We think caution – not despair – is in order.

Consider that seemingly indestructible S&P: According to an article in the Harvard Business Review, in the past five years, the big companies in the S&P 500 have spent 91 per cent of their earnings buying back their own stocks and paying dividends. Since they've also done a great job in lowering their costs, they have been able to grow per-share earnings even with modest top-line growth because of those buybacks.

The new species of capitalist beast looks rumbustiously robust from the results of swallowing its own tail.

However, this tail-swallowing feeding of per-share earnings growth cannot last forever. Recently, the insiders have slashed their purchases of their own shares. Perhaps they realize that their companies have not had the free cash to invest strongly in future growth. The high P/E on the S&P (16 times earnings) is justifiable only if future growth becomes robust.

The post-Cold War global economic boom was based, in significant measure, on annual peace dividends. But geopolitical risks are now the highest in decades – and Wall Street shrugs them off. Almost no prominent Wall Street forecasters have suggested that investors should factor the bad news about confrontations, rebellions and wars into equity valuations. Almost no prominent Wall Street forecasters have suggested that investors take significant overweights in defense stocks – because that would imply that the peace party might be over.

We doubt that elitists who want to ban fossil fuels will give up flying in their jets or driving their BMWs and classic cars. More importantly, global oil demand keeps rising: China ostentatiously avoids joining in the UN's crusade to ban carbon: Xi Jinping's goal is a wealthier and stronger China, and that won't come from a return to bicycles and the Long March.

Nasdaq enthusiasts thought it would climb back this year to the 5,000 level it reached in 2000. By 2008, it had bottomed at 1,400. Since then it has had a great run, but Silicon Valley's era of global dominance is threatened: the tech sensation this year is Alibaba, and a recent survey claims that nearly 40 per cent of all employees in Silicon Valley toil for companies with no earnings. Cisco, briefly the world's most valuable company, borrowed $8-billion this year to buy its own stock – and thereafter fired thousands of employees.

For investors, enthusiasm can be productive – or perilous.

If you believe peace will surely return soon, and that the economies of the U.S. and Europe are destined to strengthen dramatically, keep an overweight in big-cap US stocks.
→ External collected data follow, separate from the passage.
lemma reaches_visibility_witness: "(\<rho>, x) \<notin> (Restr A (- {v}))\<^sup>* \<Longrightarrow> x \<in> V \<Longrightarrow> (v, x) \<in> A\<^sup>*"
  using rtrancl_Restr_if_not_reaching_end[OF root_reaches] by blast

lemma parent_in_Vis:
  assumes v: "v \<in> Vis" "v \<noteq> \<rho>" "indeg A v = 1" and pv: "(p, v) \<in> A"
  shows "p \<in> Vis"
proof (cases "p = \<rho>")
  case False
  obtain x where x: "x \<in> X" "(\<rho>, x) \<notin> (Restr A (- {v}))\<^sup>*"
    using v(1,2) by (auto simp: mem_Vis_iff)
  have "(\<rho>, x) \<notin> (Restr A (- {p}))\<^sup>*"
    using rtrancl_Restr_switch_unique_pred[of v A p \<rho> x] indeg_1_unique[OF v(3) _ pv] v(2) x(2)
    by blast
  moreover have "p \<in> V" using pv arcs_subset by auto
  ultimately show ?thesis using x(1) by (auto simp: mem_Vis_iff)
qed (simp add: root_in_Vis)

lemma child_in_Vis:
  assumes v: "v \<in> Vis" "v \<noteq> \<rho>" "v \<notin> X" "outdeg A v = 1" and vc: "(v, c) \<in> A"
  shows "c \<in> Vis"
proof -
  obtain x where x: "x \<in> X" "(\<rho>, x) \<notin> (Restr A (- {v}))\<^sup>*"
    using v(1,2) by (auto simp: mem_Vis_iff)
  have "(\<rho>, x) \<notin> (Restr A (- {c}))\<^sup>*"
    using rtrancl_Restr_switch_unique_succ[of v A c x \<rho>] outdeg_1_unique[OF v(4) vc] v(3) x
    by blast
  moreover have "c \<in> V" "c \<noteq> \<rho>" using vc arcs_subset no_arc_into_root by auto
  ultimately show ?thesis using x(1) by (auto simp: mem_Vis_iff)
qed

lemma Reach_iff: "(u, v) \<in> Reach \<longleftrightarrow> u \<in> Vis \<and> v \<in> Vis \<and> (u, v) \<in> A\<^sup>+"
  using acyclic_A unfolding reach_vis_def acyclic_def by auto

lemma Reach_if_rtrancl: "u \<in> Vis \<Longrightarrow> v \<in> Vis \<Longrightarrow> (u, v) \<in> A\<^sup>* \<Longrightarrow> u \<noteq> v \<Longrightarrow> (u, v) \<in> Reach"
  by (simp add: Reach_iff rtrancl_eq_or_trancl)

lemma trans_Reach: "trans Reach"
  by (rule transI) (auto simp: Reach_iff)

lemma irrefl_Reach: "irrefl Reach"
  using acyclic_A by (auto simp: irrefl_def Reach_iff acyclic_def)

lemma finite_Reach: "finite Reach"
  by (rule finite_subset[of _ "V \<times> V"]) (use Vis_subset finite_V in \<open>auto simp: Reach_iff\<close>)

lemma Cov_eq: "Cov = {e \<in> Reach. e \<notin> Reach O Reach}"
  unfolding CovA_def using trans_Reach by simp

lemma trancl_Cov: "Cov\<^sup>+ = Reach"
  using trancl_covers_eq[OF finite_Reach trans_Reach irrefl_Reach] by (simp add: Cov_eq)

lemma Cov_subset_Reach: "Cov \<subseteq> Reach"
  by (auto simp: Cov_eq)

lemma Cov_no_between: "(u, v) \<in> Cov \<Longrightarrow> (u, z) \<in> Reach \<Longrightarrow> (z, v) \<in> Reach \<Longrightarrow> False"
  by (auto simp: Cov_eq)

lemma rtrancl_Cov_cases: "(u, v) \<in> Cov\<^sup>* \<Longrightarrow> u = v \<or> (u, v) \<in> Reach"
  by (auto simp: rtrancl_eq_or_trancl trancl_Cov)

lemma rtrancl_Cov_into_A: "(u, v) \<in> Cov\<^sup>* \<Longrightarrow> (u, v) \<in> A\<^sup>*"
  using rtrancl_Cov_cases[of u v] by (auto simp: Reach_iff)

sublocale cov: suppression Vis Cov
proof
  show "finite Cov" using finite_Reach Cov_subset_Reach by (rule finite_subset[rotated])
  show "acyclic Cov" using irrefl_Reach by (simp add: acyclic_irrefl trancl_Cov)
  show "Cov \<subseteq> Vis \<times> Vis" using Cov_subset_Reach by (auto simp: Reach_iff)
qed

lemma indeg_Cov_tree_vertex:
  assumes v: "v \<in> Vis" "v \<noteq> \<rho>" "indeg A v = 1"
  shows "indeg Cov v = 1"
proof -
  obtain p where pv: "(p, v) \<in> A"
    using v(3) unfolding indeg_eq_1_iff by blast
  have "p \<in> Vis" using parent_in_Vis[OF v pv] .
  have "(u, p) \<in> Reach" if "(u, v) \<in> Reach" "u \<noteq> p" for u
  proof -
    from that(1) obtain y where "(u, y) \<in> A\<^sup>*" "(y, v) \<in> A"
      by (auto simp: Reach_iff dest: tranclD2)
    moreover from this have "y = p" using indeg_1_unique[OF v(3) _ pv] by blast
    ultimately show ?thesis using that \<open>p \<in> Vis\<close> by (auto simp: Reach_iff rtrancl_eq_or_trancl)
  qed
  moreover have "(p, v) \<in> Reach" using \<open>p \<in> Vis\<close> v(1) pv by (auto simp: Reach_iff)
  ultimately have "{u. (u, v) \<in> Cov} = {p}"
    using lower_covers_eq_singleton[OF trans_Reach irrefl_Reach] by (simp add: Cov_eq)
  then show ?thesis by (simp add: indeg_def)
qed

lemma outdeg_Cov_reticulation:
  assumes v: "v \<in> Vis" "v \<noteq> \<rho>" "v \<notin> X" "outdeg A v = 1"
  shows "outdeg Cov v = 1"
proof -
  obtain c where vc: "(v, c) \<in> A"
    using v(4) unfolding outdeg_eq_1_iff by blast
  have "c \<in> Vis" using child_in_Vis[OF v vc] .
  have "(c, w) \<in> Reach" if "(v, w) \<in> Reach" "w \<noteq> c" for w
  proof -
    from that(1) obtain y where "(v, y) \<in> A" "(y, w) \<in> A\<^sup>*"
      by (auto simp: Reach_iff dest: tranclD)
    moreover from this have "y = c" using outdeg_1_unique[OF v(4) _ vc] by blast
    ultimately show ?thesis using that \<open>c \<in> Vis\<close> by (auto simp: Reach_iff rtrancl_eq_or_trancl)
  qed
  moreover have "(v, c) \<in> Reach" using \<open>c \<in> Vis\<close> v(1) vc by (auto simp: Reach_iff)
  ultimately have "{w. (v, w) \<in> Cov} = {c}"
    using upper_covers_eq_singleton[OF trans_Reach irrefl_Reach] by (simp add: Cov_eq)
  then show ?thesis by (simp add: outdeg_def)
qed

lemma indeg_Cov_root: "indeg Cov \<rho> = 0"
proof -
  have "(u, \<rho>) \<notin> Cov" for u
    using Cov_subset_Reach not_trancl_into_root by (auto simp: Reach_iff)
  then show ?thesis by (simp add: indeg_def)
qed

lemma outdeg_Cov_leaf: "x \<in> X \<Longrightarrow> outdeg Cov x = 0"
proof -
  assume "x \<in> X"
  then have "(x, w) \<notin> Cov" for w
    using Cov_subset_Reach not_trancl_from_leaf by (auto simp: Reach_iff)
  then show ?thesis by (simp add: outdeg_def)
qed

lemma indeg_Cov_nonzero:
  assumes "v \<in> Vis" "v \<noteq> \<rho>"
  shows "indeg Cov v \<noteq> 0"
proof -
  have "(\<rho>, v) \<in> A\<^sup>*" using assms Vis_subset root_reaches by blast
  with assms have "(\<rho>, v) \<in> Cov\<^sup>+" by (auto simp: trancl_Cov Reach_iff root_in_Vis rtrancl_eq_or_trancl)
  then show ?thesis using indeg_eq_0_iff[OF cov.finite_arcs] by (auto dest: tranclD2)
qed

lemma outdeg_Cov_nonzero:
  assumes "v \<in> Vis" "v \<noteq> \<rho>" "v \<notin> X"
  shows "outdeg Cov v \<noteq> 0"
proof -
  obtain c where vc: "(v, c) \<in> A" using assms Vis_subset has_child by blast
  moreover from this have "c \<in> V" "c \<noteq> \<rho>" using arcs_subset no_arc_into_root by auto
  ultimately obtain x where "x \<in> X" "(v, x) \<in> A\<^sup>+"
    using reaches_leaf by (meson rtrancl_into_trancl2)
  with assms(1) have "(v, x) \<in> Cov\<^sup>+" by (auto simp: trancl_Cov Reach_iff leaf_in_Vis)
  then show ?thesis using outdeg_eq_0_iff[OF cov.finite_arcs] by (auto dest: tranclD)
qed

lemma indeg_Cov_1_or_outdeg_Cov_1:
  assumes "v \<in> Vis" "v \<noteq> \<rho>"
  shows "indeg Cov v = 1 \<or> outdeg Cov v = 1"
proof -
  have "v \<in> V" using assms(1) Vis_subset by blast
  moreover have "indeg A v \<noteq> 0" using calculation assms(2) eq_root_if_indeg_0 by blast
  ultimately have "indeg A v = 1 \<or> outdeg A v = 1" using vertex_types by auto
  moreover have "v \<notin> X" if "indeg A v \<noteq> 1" using that leaves_eq by auto
  ultimately have "indeg A v = 1 \<or> outdeg A v = 1 \<and> v \<notin> X" by blast
  then show ?thesis using assms indeg_Cov_tree_vertex outdeg_Cov_reticulation by blast
qed

lemma leaf_iff_Cov_degrees:
  assumes "v \<in> Vis"
  shows "v \<in> X \<longleftrightarrow> indeg Cov v = 1 \<and> outdeg Cov v = 0"
proof
  assume "v \<in> X"
  then show "indeg Cov v = 1 \<and> outdeg Cov v = 0"
    using assms indeg_Cov_tree_vertex leaf_not_root outdeg_Cov_leaf leaves_eq by auto
next
  assume deg: "indeg Cov v = 1 \<and> outdeg Cov v = 0"
  then have "v \<noteq> \<rho>" using indeg_Cov_root by auto
  with deg show "v \<in> X" using assms outdeg_Cov_nonzero by blast
qed

lemma Cov_subset_Vis: "(u, v) \<in> Cov \<Longrightarrow> u \<in> Vis \<and> v \<in> Vis"
  using cov.arcs_subset by auto

lemma Cov_into_trancl: "(u, v) \<in> Cov \<Longrightarrow> (u, v) \<in> A\<^sup>+"
  using Cov_subset_Reach by (auto simp: Reach_iff)

section \<open>Chains of subdividing vertices in the cover digraph\<close>

lemma Cov_path_avoiding_lifts:
  assumes yb: "(y, b) \<in> Cov" and "(a, b) \<in> (Restr Cov (- {y}))\<^sup>*"
  shows "(a, b) \<in> (Restr A (- {y}))\<^sup>*"
  using assms(2)
proof (induction rule: converse_rtrancl_induct)
  case (step x m)
  then have xm: "(x, m) \<in> Cov" "x \<noteq> y" "m \<noteq> y" by auto
  then have xm_A: "(x, m) \<in> A\<^sup>*" using Cov_into_trancl by (blast intro: trancl_into_rtrancl)
  have "(x, m) \<in> (Restr A (- {y}))\<^sup>*"
  proof (cases "(y, m) \<in> A\<^sup>*")
    case True
    have Vis: "x \<in> Vis" "m \<in> Vis" "y \<in> Vis" using Cov_subset_Vis xm(1) yb by blast+
    with True xm(3) have ym: "(y, m) \<in> Reach" by (simp add: Reach_if_rtrancl)
    have "(m, b) \<in> Cov\<^sup>*" using rtrancl_mono[OF Int_lower1] step.hyps(2) by blast
    then have "m = b" using rtrancl_Cov_cases Cov_no_between[OF yb ym] by blast
    have "(x, y) \<notin> A\<^sup>*"
    proof
      assume "(x, y) \<in> A\<^sup>*"
      with Vis xm(2) have "(x, y) \<in> Reach" by (simp add: Reach_if_rtrancl)
      from Cov_no_between[OF xm(1) this ym] show False .
    qed
    then show ?thesis by (rule rtrancl_Restr_if_not_reached_from_start[OF xm_A])
  next
    case False
    then show ?thesis by (rule rtrancl_Restr_if_not_reaching_end[OF xm_A])
  qed
  from this step.IH show ?case by (rule rtrancl_trans)
qed simp

text \<open>A path from \<open>a\<close> to \<open>b\<close> avoiding \<open>y\<close> would extend to a path from the root to the leaf
  witnessing the visibility of \<open>y\<close> that still avoids \<open>y\<close>: the root reaches \<open>a\<close> and \<open>b\<close> reaches
  that leaf without passing \<open>y\<close>, as \<open>a\<close> lies strictly above and \<open>b\<close> strictly below \<open>y\<close>.\<close>
lemma Cov_path_to_child_of_subdividing_meets:
  assumes y: "subdividing Cov y" and yb: "(y, b) \<in> Cov" and ay: "(a, y) \<in> Reach"
  shows "(a, b) \<notin> (Restr Cov (- {y}))\<^sup>*"
proof
  assume ab: "(a, b) \<in> (Restr Cov (- {y}))\<^sup>*"
  have "y \<in> Vis" using Cov_subset_Vis[OF yb] by blast
  moreover have "y \<noteq> \<rho>" using y indeg_Cov_root by (auto simp: subdividing_def)
  ultimately obtain x where x: "x \<in> X" "(\<rho>, x) \<notin> (Restr A (- {y}))\<^sup>*"
    by (auto simp: mem_Vis_iff)
  have "y \<notin> X" using y outdeg_Cov_leaf by (auto simp: subdividing_def)
  with x(1) have "x \<noteq> y" by blast
  moreover have "(y, x) \<in> A\<^sup>*" using reaches_visibility_witness[OF x(2) leaf_in_V[OF x(1)]] .
  ultimately have "(y, x) \<in> Cov\<^sup>+"
    using Reach_if_rtrancl \<open>y \<in> Vis\<close> leaf_in_Vis[OF x(1)] by (simp add: trancl_Cov)
  then obtain m where ym: "(y, m) \<in> Cov" and "(m, x) \<in> Cov\<^sup>*" by (blast dest: tranclD)
  moreover have "m = b" using outdeg_1_unique[of Cov y m b] y ym yb by (simp add: subdividing_def)
  ultimately have "(b, x) \<in> A\<^sup>*" using rtrancl_Cov_into_A by blast
  moreover have "(b, y) \<notin> A\<^sup>*" using Cov_into_trancl[OF yb] by (rule not_rtrancl_back)
  ultimately have bx: "(b, x) \<in> (Restr A (- {y}))\<^sup>*" by (rule rtrancl_Restr_if_not_reached_from_start)
  have "(\<rho>, a) \<in> A\<^sup>*" using ay Vis_subset root_reaches by (auto simp: Reach_iff)
  moreover have "(y, a) \<notin> A\<^sup>*" using ay not_rtrancl_back by (simp add: Reach_iff)
  ultimately have "(\<rho>, a) \<in> (Restr A (- {y}))\<^sup>*" by (rule rtrancl_Restr_if_not_reaching_end)
  then have "(\<rho>, x) \<in> (Restr A (- {y}))\<^sup>*"
    using rtrancl_trans[OF Cov_path_avoiding_lifts[OF yb ab] bx] by (rule rtrancl_trans)
  with x(2) show False ..
qed

lemma Reach_between_on_chain:
  assumes as: "(a, s) \<in> Cov" and "(s, b) \<in> (out_of_subdividing Cov)\<^sup>*"
    and "(a, z) \<in> Reach" and "(z, b) \<in> Reach"
  shows "(s, z) \<in> (out_of_subdividing Cov)\<^sup>*"
  using assms(2-4)
proof (induction arbitrary: z rule: rtrancl_induct)
  case base
  then show ?case using Cov_no_between[OF as] by blast
next
  case (step y b)
  then have yb: "(y, b) \<in> Cov" and y: "subdividing Cov y" by auto
  have "(s, y) \<in> Cov\<^sup>*" using rtrancl_out_of_subdividing_subset step.hyps(1) by blast
  with as have "(a, y) \<in> Cov\<^sup>+" by (rule rtrancl_into_trancl2)
  then have no_bypass: "(a, b) \<notin> (Restr Cov (- {y}))\<^sup>*"
    using Cov_path_to_child_of_subdividing_meets[OF y yb] by (simp add: trancl_Cov)
  show ?case
  proof (cases "z = y")
    case False
    have "(a, z) \<in> Cov\<^sup>*" "(z, b) \<in> Cov\<^sup>*"
      using step.prems by (simp_all add: trancl_Cov[symmetric] trancl_into_rtrancl)
    then have "(a, z) \<in> (Restr Cov (- {y}))\<^sup>* \<or> (y, z) \<in> Cov\<^sup>*"
      "(z, b) \<in> (Restr Cov (- {y}))\<^sup>* \<or> (z, y) \<in> Cov\<^sup>*"
      by (blast dest: rtrancl_Restr_or_through[where v=y])+
    moreover have "(y, z) \<in> Cov\<^sup>* \<Longrightarrow> (y, z) \<in> Reach" "(z, y) \<in> Cov\<^sup>* \<Longrightarrow> (z, y) \<in> Reach"
      using False rtrancl_Cov_cases by blast+
    ultimately consider "(z, y) \<in> Reach" | "(y, z) \<in> Reach"
      | "(a, z) \<in> (Restr Cov (- {y}))\<^sup>*" "(z, b) \<in> (Restr Cov (- {y}))\<^sup>*"
      by blast
    then show ?thesis
    proof cases
      case 1
      then show ?thesis using step.IH step.prems(1) by blast
    next
      case 2
      then show ?thesis using Cov_no_between[OF yb] step.prems(2) by blast
    next
      case 3
      from rtrancl_trans[OF 3] no_bypass show ?thesis by blast
    qed
  qed (use step.hyps(1) in simp)
qed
If you believe fossil fuel companies will soon be fossils, sell your oil and gas stocks and feel virtuous.

If you, like me, reject both those assumptions, be overweight in your equity portfolio in well-managed oil and gas companies and reasonably-exposed to good companies with good business models that aren't goosing their stock performance by over-enthusiastic stock-buying.

And if you, like me, worry about all that money the central banks printed to give us this haltingly slow growth, and that global tensions will increase, not disappear, then you will want to have good exposure to gold stocks – and defense stocks.

And if you, like me, think the central banks will not be raising rates soon, invest in longer-term, high quality bonds. They will give you income now, and will give you capital gains when the S&P finally caves in to Stein's Law: if something cannot go on forever, it will stop.